The previous implementation wasn't maintaining a faithful IR
representation of how this really works. The value returned by
createEnqueuedBlockKernel wasn't actually used as a function, and
hacked up later to be a pointer to the runtime handle global
variable. In reality, the enqueued block is a struct where the first
field is a pointer to the kernel descriptor, not the kernel itself. We
were also relying on passing around a reference to a global using a
string attribute containing its name. It's better to base this on a
proper IR symbol reference during final emission.

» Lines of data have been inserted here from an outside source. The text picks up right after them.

theorem theorem3p8:
  fixes p m n k t :: nat and \<gamma> :: "'a::{finite,field}"
    and g :: "nat \<Rightarrow> 'a poly"
  assumes "prime p" and "CHAR('a) = p" and "CARD('a) = p ^ m"
    and "generates_over_prime_field \<gamma>"
    and "t = (m - 1) div 4"
    and "5 \<le> k" and "2 * k \<le> n - 2" and "n \<le> p ^ t"
    and "\<forall>i<n. Fp_poly (g i) \<and> lead_coeff (g i) = 1 \<and> degree (g i) = t"
    and "inj_on g {..<n}"
    and "\<not> p dvd (k^2 * (k^2 - 1) div 12)"
  shows "let \<alpha> = (\<lambda>i. poly (g i) \<gamma>);
             E = (\<lambda>j. if j < k - 2 then j else j + 2);
             C = gen_code n k (\<lambda>j i. \<alpha> i ^ E j)
         in is_MDS n k C \<and> non_GRS n C"
proof -
  note gen = assms(1-4)
  define \<alpha> where "\<alpha> i = poly (g i) \<gamma>" for i
  have "t \<noteq> 0"
    using assms(6-8) by (cases "t = 0") auto
  then have "4 * t < m"
    using assms(5) by linarith
  have g: "Ints_coeffs (g i) \<and> degree (g i) \<le> t \<and> coeff (g i) t = 1" if "i \<in> {..<n}" for i
    using assms(9) that by (auto simp: Fp_poly_imp_Ints_coeffs)
  have inj: "inj_on \<alpha> {..<n}"
    unfolding \<alpha>_def using \<open>4 * t < m\<close> g assms(10)
    by (intro inj_on_poly_at_generator[OF gen, of t]) auto
  have "coeff (\<Prod>i\<in>S. [:- \<alpha> i, 1:]) (k - 2) ^ 2 \<noteq>
      coeff (\<Prod>i\<in>S. [:- \<alpha> i, 1:]) (k - 1) * coeff (\<Prod>i\<in>S. [:- \<alpha> i, 1:]) (k - 3)"
    if "S \<subseteq> {..<n}" "card S = k" for S
    unfolding \<alpha>_def using that g finite_subset[OF that(1)] assms(6,11)
    by (intro discriminant_at_generator_nonzero[OF gen \<open>4 * t < m\<close>]) auto
  then have "card {i \<in> {..<n}. (\<Sum>j<k. c j * \<alpha> i ^ gap_exp k j) = 0} < k"
    if "j < k" "c j \<noteq> 0" for c j
    using card_roots_gap_poly_less[OF finite_lessThan inj, of k j c] assms(6) that
    by (simp add: poly_gap_poly)
  then have "is_MDS n k (gen_code n k (\<lambda>j i. \<alpha> i ^ gap_exp k j))"
    using assms(6,7) by (intro is_MDS_gen_code) auto
  moreover have "non_GRS n (gen_code n k (\<lambda>j i. \<alpha> i ^ gap_exp k j))"
    using gap_exp_sumset[OF assms(6)] assms(6,7)
    by (intro non_GRS_monomial_code[OF inj, where T = "{..<2 * k - 1} \<union> {2 * k, 2 * k + 1}"]) auto
  ultimately show ?thesis
    unfolding \<alpha>_def gap_exp_def Let_def by simp
qed

end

This now avoids using a function attribute on kernels and avoids using
the additional "runtime-handle" attribute to populate the final
metadata. Instead, associate the runtime handle reference to the
kernel with the !associated global metadata. We can then get a final,
correctly mangled name at the end.

I couldn't figure out how to get rename-with-external-symbol behavior
using a combination of comdats and aliases, so leaves an IR pass to
externalize the runtime handles for codegen. If anything breaks, it's
most likely this, so leave avoiding this for a later step. Use a
special section name to enable this behavior. This also means it's
possible to declare enqueuable kernels in source without going through
the dedicated block syntax or other dedicated compiler support.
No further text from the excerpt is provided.